In collaboration with the citizens of Kiev, ”Let Us Not Fall Asleep While Walking” shapes their experience into metaphorical depictions where time seems frozen, but dreams of hope still linger. The series, which consists of 137 photos to match the death toll of the Euromaidan riots, is an attempt to capture the repercussions of this period for Ukrainian citizens. Inspired by a line from Taras Shevchenko’s poem ”Days are passing, nights are passing” which quotes, ”Let me not fall asleep while walking.” The project title was altered to read ”us” instead of ”me” to embody the people of Ukraine as a whole.

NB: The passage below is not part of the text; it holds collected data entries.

lemma weight_arithmetic:
  fixes c m :: real
  assumes "c > 0"
  shows "c * (1 - 3 * ((1/2) powr m) * c / 4) = c - 3 * c\<^sup>2 / 2 powr (m + 2)"
    "(1/2) powr m * c\<^sup>2 / 4 = c\<^sup>2 / 2 powr (m + 2)"
    "m = log 2 c \<Longrightarrow> c - 3 * c\<^sup>2 / 2 powr (m + 2) = c / 4"
    "m = log 2 c \<Longrightarrow> c\<^sup>2 / 2 powr (m + 2) = c / 4"
proof -
  have p: "2 powr (m + 2) = 2 powr m * 4" "(1/2) powr m = 1 / 2 powr m"
    by (simp_all add: powr_add powr_divide)
  show "c * (1 - 3 * ((1/2) powr m) * c / 4) = c - 3 * c\<^sup>2 / 2 powr (m + 2)"
    "(1/2) powr m * c\<^sup>2 / 4 = c\<^sup>2 / 2 powr (m + 2)"
    unfolding p by (simp_all add: field_simps power2_eq_square)
  assume "m = log 2 c"
  then have "2 powr m = c" using assms by simp
  then show "c - 3 * c\<^sup>2 / 2 powr (m + 2) = c / 4" "c\<^sup>2 / 2 powr (m + 2) = c / 4"
    unfolding p using assms by (simp_all add: field_simps power2_eq_square)
qed

lemma (in chart) sectional_curvatures_at_lifts:
  assumes u0: "u0 \<in> U" and at_u0: "\<phi> u0 = (x, e)"
    and f: "f \<bullet> x = 0" "norm f = 1" "e \<bullet> f = 0"
    and lifts: "dmap \<phi> u0 a = hlift c x e e" "dmap \<phi> u0 b = hlift c x e f"
      "dmap \<phi> u0 d = vlift x e f"
  shows "sectional_curvature (pullback_metric c m r \<phi>) u0 a b = c * (1 - 3 * ((1/2) powr m) * c / 4)"
    "sectional_curvature (pullback_metric c m r \<phi>) u0 a d = (1/2) powr m * c\<^sup>2 / 4"
    "sectional_curvature (pullback_metric c m r \<phi>) u0 b d = (1/2) powr m * c\<^sup>2 / 4"
proof -
  obtain \<sigma> where \<sigma>: "\<sigma> * \<sigma> = 1" and a: "\<And>k. chart_coframe k u0 \<bullet> a = (if k = 3 then sqrt c else 0)"
    and b: "\<And>k. chart_coframe k u0 \<bullet> b = (if k = 2 then sqrt c * \<sigma> else 0)"
    and d: "\<And>k. chart_coframe k u0 \<bullet> d = (if k = 1 then \<sigma> else 0)"
    using lift_coframe_components[OF u0 at_u0 f lifts] by blast
  have nz: "sqrt c \<noteq> 0" "\<sigma> \<noteq> 0" "sqrt c * \<sigma> \<noteq> 0" using c \<sigma> by auto
  obtain U' where "const_structure_coframe U' u0 chart_coframe (metric_weight m)
                     (pullback_metric c m r \<phi>)"
    using const_structure_coframe_near[OF u0 det_nonzero_of_frame_components[OF a b d]] nz by auto
  then interpret fr: const_structure_coframe U' u0 chart_coframe "metric_weight m"
    "pullback_metric c m r \<phi>" .
  have "metric_weight m 1 = (1/2) powr m" "metric_weight m 2 = 1 / c" "metric_weight m 3 = 1 / c"
    by (simp_all add: metric_weight_def mod3_simps)
  note berger = frame_curvatures_berger[OF this c]
  note plane = fr.sectional_curvature_frame_plane
  show "sectional_curvature (pullback_metric c m r \<phi>) u0 a b = c * (1 - 3 * ((1/2) powr m) * c / 4)"
    using plane[of 3 2 "sqrt c" "sqrt c * \<sigma>", OF _ _ _ a b] nz berger(1) by (simp add: mod3_simps)
  show "sectional_curvature (pullback_metric c m r \<phi>) u0 a d = (1/2) powr m * c\<^sup>2 / 4"
    using plane[of 3 1 "sqrt c" \<sigma>, OF _ _ _ a d] nz berger(2) by (simp add: mod3_simps)
  show "sectional_curvature (pullback_metric c m r \<phi>) u0 b d = (1/2) powr m * c\<^sup>2 / 4"
    using plane[of 2 1 "sqrt c * \<sigma>" \<sigma>, OF _ _ _ b d] nz berger(3) by (simp add: mod3_simps)
qed

theorem proposition3:
  fixes c m r :: real and x e f :: "real^3"
    and \<phi> :: "real^3 \<Rightarrow> (real^3) \<times> (real^3)" and U :: "(real^3) set" and u0 a b d :: "real^3"
  assumes "c > 0" and "r \<ge> 0"
    and "(x, e) \<in> T1S2 c"
    and "f \<bullet> x = 0" and "norm f = 1" and "e \<bullet> f = 0"
    and "open U" and "u0 \<in> U" and "smooth_on3 U \<phi>" and "\<phi> ` U \<subseteq> T1S2 c"
    and "\<phi> u0 = (x, e)" and "inj (dmap \<phi> u0)"
    and "dmap \<phi> u0 a = hlift c x e e"
    and "dmap \<phi> u0 b = hlift c x e f"
    and "dmap \<phi> u0 d = vlift x e f"
  shows "sectional_curvature (pullback_metric c m r \<phi>) u0 a b = c - 3 * c\<^sup>2 / 2 powr (m + 2)
       \<and> sectional_curvature (pullback_metric c m r \<phi>) u0 a d = c\<^sup>2 / 2 powr (m + 2)
       \<and> sectional_curvature (pullback_metric c m r \<phi>) u0 b d = c\<^sup>2 / 2 powr (m + 2)
       \<and> (m = log 2 c \<longrightarrow>
            sectional_curvature (pullback_metric c m r \<phi>) u0 a b = c / 4
          \<and> sectional_curvature (pullback_metric c m r \<phi>) u0 a d = c / 4
          \<and> sectional_curvature (pullback_metric c m r \<phi>) u0 b d = c / 4)"
proof -
  interpret chart c \<phi> U using assms(1,7,9,10) by unfold_locales
  note K = sectional_curvatures_at_lifts[OF assms(8,11,4,5,6,13,14,15), of m r]
  have "sectional_curvature (pullback_metric c m r \<phi>) u0 a b = c - 3 * c\<^sup>2 / 2 powr (m + 2)"
    "sectional_curvature (pullback_metric c m r \<phi>) u0 a d = c\<^sup>2 / 2 powr (m + 2)"
    "sectional_curvature (pullback_metric c m r \<phi>) u0 b d = c\<^sup>2 / 2 powr (m + 2)"
    using K weight_arithmetic(1,2)[OF assms(1)] by simp_all
  then show ?thesis using weight_arithmetic(3,4)[OF assms(1)] by auto
qed

end
(* Let $A$ be a vector space with multiplications $\circ_A,\vdash_A,\dashv_A$, and let $\widehat A=A\otimes\mathbb K[t,t^{-1}]$ with the multiplication $$(x\otimes t^i)\cdot(y\otimes t^j)=x\circ_A y\otimes t^{i+j}+(i\,x\vdash_A y-j\,y\dashv_A x)\otimes t^{i+j-1},\quad x,y\in A,\ i,j\in\mathbb Z.$$ Then $(\widehat A,\cdot)$ is a Leibniz algebra if and only if $(A,\circ_A,\vdash_A,\dashv_A)$ is a Gel'fand–Dorfman dialgebra.
   Context: All vector spaces are over a field $\mathbb K$ of characteristic zero ($\widehat A$ may be infinite-dimensional). A Leibniz algebra is a vector space with multiplication $\circ$ satisfying $x\circ(y\circ z)=(x\circ y)\circ z+y\circ(x\circ z)$. A Novikov dialgebra is $(A,\vdash_A,\dashv_A)$ satisfying for all $x,y,z$: (ND1) $x\vdash_A(y\vdash_A z)=(x\vdash_A y)\vdash_A z-(y\dashv_A x)\vdash_A z+y\vdash_A(x\vdash_A z)$; (ND2) $(y\vdash_A z)\dashv_A x=y\vdash_A(z\dashv_A x)-z\dashv_A(y\vdash_A x)+(z\dashv_A y)\dashv_A x$; (ND3) $z\dashv_A(x\vdash_A y)=z\dashv_A(x\dashv_A y)$; (ND4) $(z\dashv_A y)\dashv_A x=(z\dashv_A x)\dashv_A y$; (ND5) $(y\dashv_A x)\vdash_A z=(y\vdash_A z)\dashv_A x=(y\vdash_A x)\vdash_A z$. A Gel'fand–Dorfman dialgebra is $(A,\circ_A,\vdash_A,\dashv_A)$ such that $(A,\circ_A)$ is a Leibniz algebra, $(A,\vdash_A,\dashv_A)$ is a Novikov dialgebra, and for all $x,y,z$: (GD1) $x\vdash_A(y\circ_A z)-(x\vdash_A y)\circ_A z-(x\circ_A y)\vdash_A z-y\circ_A(x\vdash_A z)+(x\circ_A z)\dashv_A y=0$; (GD2) $x\circ_A(y\vdash_A z)-(y\circ_A z)\dashv_A x+(y\dashv_A x)\circ_A z-(x\circ_A y)\vdash_A z-y\vdash_A(x\circ_A z)=0$; (GD3) $x\circ_A(z\dashv_A y)+(y\circ_A z)\dashv_A x-z\dashv_A(x\circ_A y)-y\circ_A(z\dashv_A x)-(x\circ_A z)\dashv_A y=0$. *)

theory Defs
  imports Complex_Main
begin

text \<open>The hat algebra A tensor K[t,t^-1] is modelled as
  finitely supported functions int => 'a (the coefficient of t^n is f n).\<close>

definition bilinear_op :: "('k::field \<Rightarrow> 'a::ab_group_add \<Rightarrow> 'a) \<Rightarrow> ('a \<Rightarrow> 'a \<Rightarrow> 'a) \<Rightarrow> bool" where
  "bilinear_op scale m \<longleftrightarrow>
     (\<forall>x. Vector_Spaces.linear scale scale (\<lambda>y. m x y)) \<and>
     (\<forall>y. Vector_Spaces.linear scale scale (\<lambda>x. m x y))"

definition leibniz_alg :: "('a \<Rightarrow> 'a \<Rightarrow> 'a::ab_group_add) \<Rightarrow> bool" where
  "leibniz_alg m \<longleftrightarrow> (\<forall>x y z. m x (m y z) = m (m x y) z + m y (m x z))"

text \<open>l is the left product (turnstile), r the right product (dashv).\<close>
definition novikov_dialg :: "('a \<Rightarrow> 'a \<Rightarrow> 'a::ab_group_add) \<Rightarrow> ('a \<Rightarrow> 'a \<Rightarrow> 'a) \<Rightarrow> bool" where
  "novikov_dialg l r \<longleftrightarrow> (\<forall>x y z.
     l x (l y z) = l (l x y) z - l (r y x) z + l y (l x z) \<and>
     r (l y z) x = l y (r z x) - r z (l y x) + r (r z y) x \<and>
     r z (l x y) = r z (r x y) \<and>
     r (r z y) x = r (r z x) y \<and>
     l (r y x) z = r (l y z) x \<and>
     r (l y z) x = l (l y x) z)"

definition gd_dialg :: "('a \<Rightarrow> 'a \<Rightarrow> 'a::ab_group_add) \<Rightarrow> ('a \<Rightarrow> 'a \<Rightarrow> 'a) \<Rightarrow> ('a \<Rightarrow> 'a \<Rightarrow> 'a) \<Rightarrow> bool" where
  "gd_dialg c l r \<longleftrightarrow> leibniz_alg c \<and> novikov_dialg l r \<and> (\<forall>x y z.
     l x (c y z) - c (l x y) z - l (c x y) z - c y (l x z) + r (c x z) y = 0 \<and>
     c x (l y z) - r (c y z) x + c (r y x) z - l (c x y) z - l y (c x z) = 0 \<and>
     c x (r z y) + r (c y z) x - r z (c x y) - c y (r z x) - r (c x z) y = 0)"

definition supp_int :: "(int \<Rightarrow> 'a::zero) \<Rightarrow> int set" where
  "supp_int f = {i. f i \<noteq> 0}"

text \<open>Bilinear extension of
  (x t^i).(y t^j) = (x o y) t^(i+j) + (i x |- y - j y -| x) t^(i+j-1).\<close>
definition hat_mult :: "('k::field \<Rightarrow> 'a::ab_group_add \<Rightarrow> 'a) \<Rightarrow> ('a \<Rightarrow> 'a \<Rightarrow> 'a) \<Rightarrow> ('a \<Rightarrow> 'a \<Rightarrow> 'a)
    \<Rightarrow> ('a \<Rightarrow> 'a \<Rightarrow> 'a) \<Rightarrow> (int \<Rightarrow> 'a) \<Rightarrow> (int \<Rightarrow> 'a) \<Rightarrow> (int \<Rightarrow> 'a)" where
  "hat_mult scale c l r f g = (\<lambda>n. \<Sum>i\<in>supp_int f. \<Sum>j\<in>supp_int g.
      (if i + j = n then c (f i) (g j) else 0) +
      (if i + j - 1 = n then scale (of_int i) (l (f i) (g j)) - scale (of_int j) (r (g j) (f i)) else 0))"
(* The honest agents run the algorithm (with arbitrary tie-breaking in every argmax). *)
definition algorithm_run ::
  "'a measure \<Rightarrow> nat \<Rightarrow> nat \<Rightarrow> real \<Rightarrow> real \<Rightarrow> (nat \<Rightarrow> nat set) \<Rightarrow> (nat \<Rightarrow> nat) \<Rightarrow> (nat \<Rightarrow> nat)
   \<Rightarrow> (nat \<Rightarrow> nat \<Rightarrow> nat \<Rightarrow> 'a \<Rightarrow> nat) \<Rightarrow> (nat \<Rightarrow> nat \<Rightarrow> 'a \<Rightarrow> nat) \<Rightarrow> (nat \<Rightarrow> nat \<Rightarrow> 'a \<Rightarrow> nat)
   \<Rightarrow> (nat \<Rightarrow> nat \<Rightarrow> 'a \<Rightarrow> nat) \<Rightarrow> (nat \<Rightarrow> nat \<Rightarrow> 'a \<Rightarrow> nat) \<Rightarrow> (nat \<Rightarrow> nat \<Rightarrow> 'a \<Rightarrow> nat)
   \<Rightarrow> (nat \<Rightarrow> nat \<Rightarrow> 'a \<Rightarrow> nat) \<Rightarrow> bool" where
  "algorithm_run M n K \<alpha> \<beta> Shat u1 l1 Y H Z I U L B \<longleftrightarrow>
     (\<forall>i\<in>{1..n}. \<forall>t. I i t \<in> measurable M (count_space UNIV)) \<and>
     (\<forall>i\<in>{1..n}. \<forall>\<omega>\<in>space M.
        U i 1 \<omega> = u1 i \<and> L i 1 \<omega> = l1 i \<and>
        (\<forall>j\<ge>1.
           (\<forall>t\<in>{phase_end \<beta> (j - 1) + 1 .. phase_end \<beta> j}.
              I i t \<omega> \<in> active Shat U L i j \<omega> \<and>
              (\<forall>k\<in>active Shat U L i j \<omega>. ucb \<alpha> Y I i k t \<omega> \<le> ucb \<alpha> Y I i (I i t \<omega>) t \<omega>)) \<and>
           B i j \<omega> \<in> active Shat U L i j \<omega> \<and>
           (\<forall>k\<in>active Shat U L i j \<omega>. phase_pulls \<beta> I i k j \<omega> \<le> phase_pulls \<beta> I i (B i j \<omega>) j \<omega>) \<and>
           (if recomm n H Z B i j \<omega> \<in> active Shat U L i j \<omega>
            then U i (j + 1) \<omega> = U i j \<omega> \<and> L i (j + 1) \<omega> = L i j \<omega>
            else U i (j + 1) \<omega> \<in> {U i j \<omega>, L i j \<omega>} \<and>
                 phase_pulls \<beta> I i (U i j \<omega>) j \<omega> \<le> phase_pulls \<beta> I i (U i (j + 1) \<omega>) j \<omega> \<and>
                 phase_pulls \<beta> I i (L i j \<omega>) j \<omega> \<le> phase_pulls \<beta> I i (U i (j + 1) \<omega>) j \<omega> \<and>
                 L i (j + 1) \<omega> = recomm n H Z B i j \<omega>)))"

end

theory Submission
  imports Defs
begin

(* Write J for j*.  If the malicious agent recommends arm k to agent i in some phase j of
   [J, 2J), then k is active in phase j + 1, where agent i pulls arm 1 at some time t in
   (A_J, A_2J]; so the UCB index of k at t is at most that of arm 1.  At that time k has been
   pulled s < zeta alpha log A_2J / Delta_k^2 times and arm 1 u > J^beta / 2 times, and the
   separation hypothesis turns the UCB comparison into a deviation of an empirical mean: the
   mean of the first s rewards of k is below mu_k - lambda sqrt (alpha log t / s), or the mean
   of the first u rewards of arm 1 is above mu_1 + sqrt (2 alpha log t / J^beta).  Rewards are
   indexed by pull number, so for fixed (t, s) or (t, u) Hoeffding's inequality bounds these
   events by t^(-2 alpha lambda^2) and t^(-2 alpha); a union bound over t > A_J gives the first
   term.  The malicious agent misses arm k in all J phases with probability (1 - 1/(nK))^J. *)

lemma pulls_mono: "t \<le> t' \<Longrightarrow> pulls I i c t \<omega> \<le> pulls I i c t' \<omega>"
  unfolding pulls_def by (intro card_mono) auto

lemma pulls_le: "pulls I i c t \<omega> \<le> t"
proof -
  have "pulls I i c t \<omega> \<le> card {1..t}" unfolding pulls_def by (intro card_mono) auto
  then show ?thesis by simp
qed

lemma phase_end_mono:
  assumes "j \<le> j'" "\<beta> > 0"
  shows "phase_end \<beta> j \<le> phase_end \<beta> j'"
proof (cases "j = 0")
  case False
  then have "real j powr \<beta> \<le> real j' powr \<beta>"
    using assms by (intro powr_mono2) auto
  then have "nat \<lceil>real j powr \<beta>\<rceil> \<le> nat \<lceil>real j' powr \<beta>\<rceil>"
    by (intro nat_mono ceiling_mono)
  then show ?thesis
    using False assms by (simp add: phase_end_def)
qed (simp add: phase_end_def)

lemma phase_end_ge: "j \<noteq> 0 \<Longrightarrow> real j powr \<beta> \<le> real (phase_end \<beta> j)"
  by (simp add: phase_end_def)

lemma phase_end_le: "j \<noteq> 0 \<Longrightarrow> real (phase_end \<beta> j) < real j powr \<beta> + 1"
  by (simp add: phase_end_def) linarith

lemma powr_diff_ge_mult_powr:
  fixes p x :: real
  assumes p: "p > 1" and x: "x \<ge> 1"
  shows "(p - 1) * (x + 1) powr (-p) \<le> x powr (1 - p) - (x + 1) powr (1 - p)"
proof -
  have "((\<lambda>y. y powr (1 - p)) has_real_derivative (1 - p) * y powr (1 - p - 1)) (at y)"
    if "x \<le> y" for y
    using x that by (intro has_real_derivative_powr) auto
  then obtain z where z: "x < z" "z < x + 1"
    and mvt: "(x + 1) powr (1 - p) - x powr (1 - p) = (x + 1 - x) * ((1 - p) * z powr (1 - p - 1))"
    using MVT2[of x "x + 1" "\<lambda>y. y powr (1 - p)" "\<lambda>y. (1 - p) * y powr (1 - p - 1)"] by auto
  have "(x + 1) powr (-p) \<le> z powr (-p)"
    using z x p by (intro powr_mono2') auto
  then have "(p - 1) * (x + 1) powr (-p) \<le> (p - 1) * z powr (-p)"
    using p by (intro mult_left_mono) auto
  also have "\<dots> = x powr (1 - p) - (x + 1) powr (1 - p)"
    using mvt by (simp add: algebra_simps)
  finally show ?thesis .
qed

lemma sum_powr_neg_le:
  fixes p :: real and a b :: nat
  assumes p: "p > 1" and a: "1 \<le> a"
  shows "(\<Sum>t\<in>{a<..b}. real t powr (-p)) \<le> real a powr (1 - p) / (p - 1)"
proof -
  have "(\<Sum>t\<in>{a<..b}. real t powr (-p)) \<le> (real a powr (1 - p) - real b powr (1 - p)) / (p - 1)"
    if "a \<le> b" for b
    using that
  proof (induction b rule: dec_induct)
    case base
    then show ?case by simp
  next
    case (step b)
    have "(\<Sum>t\<in>{a<..Suc b}. real t powr (-p)) = real (Suc b) powr (-p) + (\<Sum>t\<in>{a<..b}. real t powr (-p))"
      using step.hyps by (simp add: atLeastSucAtMost_greaterThanAtMost[symmetric] add.commute)
    also have "\<dots> \<le> real (Suc b) powr (-p) + (real a powr (1 - p) - real b powr (1 - p)) / (p - 1)"
      using step.IH by simp
    also have "\<dots> \<le> (real a powr (1 - p) - real (Suc b) powr (1 - p)) / (p - 1)"
    proof -
      have "real (Suc b) powr (-p) \<le> (real b powr (1 - p) - real (Suc b) powr (1 - p)) / (p - 1)"
        using powr_diff_ge_mult_powr[OF p, of "real b"] step.hyps a p
        by (simp add: pos_le_divide_eq mult.commute add.commute)
      then show ?thesis
        by (simp add: diff_divide_distrib)
    qed
    finally show ?case .
  qed
  moreover have "(real a powr (1 - p) - real b powr (1 - p)) / (p - 1) \<le> real a powr (1 - p) / (p - 1)"
    using p by (intro divide_right_mono) auto
  ultimately show ?thesis
    using p by (cases "a \<le> b") (fastforce, simp)
qed

lemma
  fixes x :: real
  assumes "x \<ge> 0"
  shows finite_positive_below: "finite {s :: nat. 1 \<le> s \<and> real s < x}"
    and card_positive_below: "real (card {s :: nat. 1 \<le> s \<and> real s < x}) \<le> x"
proof -
  have eq: "{s :: nat. 1 \<le> s \<and> real s < x} = {1..<nat \<lceil>x\<rceil>}"
    by (auto simp: zless_nat_eq_int_zless less_ceiling_iff)
  then show "finite {s :: nat. 1 \<le> s \<and> real s < x}"
    by simp
  have "real (nat \<lceil>x\<rceil> - 1) \<le> x"
    using assms by (cases "nat \<lceil>x\<rceil>") (auto simp: of_nat_diff, linarith+)
  then show "real (card {s :: nat. 1 \<le> s \<and> real s < x}) \<le> x"
    unfolding eq card_atLeastLessThan .
qed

With a background in engineering, Denil’s photographic interest started in 2014 by seeing Jacob Riis’s ”How the Other Half Lives.” Fascinated by the excessive presence of light, the striking compositions and shadows encapsulating daily life in combination with the strategical use of the medium, challenged David to explore the contemporary subject matter.

Within his first project ”Let Us Not Fall Asleep While Walking,” Denil started to translate the psychological dimensions of Ukraine as a collision between past, present, and future. Mentored by the Magnum photographer Carl De Keyzer, he chose not to show the war in the east, but to focus on the aspects of life presented to him in the capital Kiev. By his active presence, his work functions as an extension on the early 20th-century documentary approach and tends to reveal universal questions rather than to depict actual proof of the fact.